- Task directions -
Every entry below is to be copied exactly as written.
--- Exercise inputs Enclosed Below ---
(* Let $f:\mathbb{R}^n\to\mathbb{R}$ be a polynomial of degree at most $4$, let $\mu_f$ be its Steklov function, and let $C:=\sum_{i=1}^n \nabla^2 f_{ii}$ (a constant symmetric $n\times n$ matrix, $f_{ii}=\partial^2 f/\partial x_i^2$). Assume $C$ is positive semidefinite and $C\neq 0$. Let $\lambda_1(C)\ge\cdots\ge\lambda_n(C)$ be its eigenvalues, with an orthonormal basis of eigenvectors $v_1,\ldots,v_n$ ($Cv_i=\lambda_i(C)v_i$), and let $r:=\dim N(C)^\perp$. Fix $L>0$, and for $t_0>0$ let $T:=B[0,L]\times(t_0,+\infty)$, where $B[0,L]=\{x\in\mathbb{R}^n:\|x\|\le L\}$. (a) Assume $\lambda_n(C)=0$ (so $r<n$ and $N(C)=\mathrm{span}[v_{r+1},\ldots,v_n]$). Define $\varphi_{\mathcal N}:S_{n-r}\times\mathbb{R}^n\to\mathbb{R}$, with $\alpha=(\alpha_{r+1},\ldots,\alpha_n)$, by \[ \varphi_{\mathcal N}(\alpha,x)=\sum_{i,j=r+1}^n \alpha_i\alpha_j\, v_i^T\nabla^2 f(x)\, v_j . \] Consider the statements: (i) $\varphi_{\mathcal N}(\alpha,x)>0$ for every $(\alpha,x)\in S_{n-r}\times B[0,L]$; (ii) there exists $t_0>0$ such that $\mu_f$ is convex over $T$ (i.e., $\nabla_{xx}\mu_f(x,t)\succeq 0$ for all $(x,t)\in T$, equivalently $\mu_f(\cdot,t)$ is convex on $B[0,L]$ for every $t>t_0$); (iii) $\varphi_{\mathcal N}(\alpha,x)\ge 0$ for every $(\alpha,x)\in S_{n-r}\times B[0,L]$. Then (i) implies (ii), and (ii) implies (iii). (b) Assume $\lambda_n(C)>0$. Then there exists $t_0>0$ such that $\mu_f$ is convex over $T=B[0,L]\times(t_0,+\infty)$.
   Context: The Steklov function of a continuous $f:\mathbb{R}^n\to\mathbb{R}$ is $\mu_f(x,t)=\frac{1}{(2t)^n}\int_{x_n-t}^{x_n+t}\cdots\int_{x_1-t}^{x_1+t} f(\tau)\,d\tau_1\cdots d\tau_n$ for $x\in\mathbb{R}^n$, $t>0$; $\nabla_{xx}\mu_f$ denotes its Hessian with respect to $x$. $\|\cdot\|$ is the Euclidean norm, $S_p=\{\alpha\in\mathbb{R}^p:\|\alpha\|=1\}$ is the unit sphere in $\mathbb{R}^p$, and $N(C)$ is the null space of $C$. *)

theory Defs
  imports "HOL-Analysis.Analysis"
begin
--- End of Enclosed Exercise inputs ---
- Response box -
(* Let $f:\mathbb{R}^n\to\mathbb{R}$ be a polynomial of degree at most $4$, let $\mu_f$ be its Steklov function, and let $C:=\sum_{i=1}^n \nabla^2 f_{ii}$ (a constant symmetric $n\times n$ matrix, $f_{ii}=\partial^2 f/\partial x_i^2$). Assume $C$ is positive semidefinite and $C\neq 0$. Let $\lambda_1(C)\ge\cdots\ge\lambda_n(C)$ be its eigenvalues, with an orthonormal basis of eigenvectors $v_1,\ldots,v_n$ ($Cv_i=\lambda_i(C)v_i$), and let $r:=\dim N(C)^\perp$. Fix $L>0$, and for $t_0>0$ let $T:=B[0,L]\times(t_0,+\infty)$, where $B[0,L]=\{x\in\mathbb{R}^n:\|x\|\le L\}$. (a) Assume $\lambda_n(C)=0$ (so $r<n$ and $N(C)=\mathrm{span}[v_{r+1},\ldots,v_n]$). Define $\varphi_{\mathcal N}:S_{n-r}\times\mathbb{R}^n\to\mathbb{R}$, with $\alpha=(\alpha_{r+1},\ldots,\alpha_n)$, by \[ \varphi_{\mathcal N}(\alpha,x)=\sum_{i,j=r+1}^n \alpha_i\alpha_j\, v_i^T\nabla^2 f(x)\, v_j . \] Consider the statements: (i) $\varphi_{\mathcal N}(\alpha,x)>0$ for every $(\alpha,x)\in S_{n-r}\times B[0,L]$; (ii) there exists $t_0>0$ such that $\mu_f$ is convex over $T$ (i.e., $\nabla_{xx}\mu_f(x,t)\succeq 0$ for all $(x,t)\in T$, equivalently $\mu_f(\cdot,t)$ is convex on $B[0,L]$ for every $t>t_0$); (iii) $\varphi_{\mathcal N}(\alpha,x)\ge 0$ for every $(\alpha,x)\in S_{n-r}\times B[0,L]$. Then (i) implies (ii), and (ii) implies (iii). (b) Assume $\lambda_n(C)>0$. Then there exists $t_0>0$ such that $\mu_f$ is convex over $T=B[0,L]\times(t_0,+\infty)$.
   Context: The Steklov function of a continuous $f:\mathbb{R}^n\to\mathbb{R}$ is $\mu_f(x,t)=\frac{1}{(2t)^n}\int_{x_n-t}^{x_n+t}\cdots\int_{x_1-t}^{x_1+t} f(\tau)\,d\tau_1\cdots d\tau_n$ for $x\in\mathbb{R}^n$, $t>0$; $\nabla_{xx}\mu_f$ denotes its Hessian with respect to $x$. $\|\cdot\|$ is the Euclidean norm, $S_p=\{\alpha\in\mathbb{R}^p:\|\alpha\|=1\}$ is the unit sphere in $\mathbb{R}^p$, and $N(C)$ is the null space of $C$. *)

theory Defs
  imports "HOL-Analysis.Analysis"
begin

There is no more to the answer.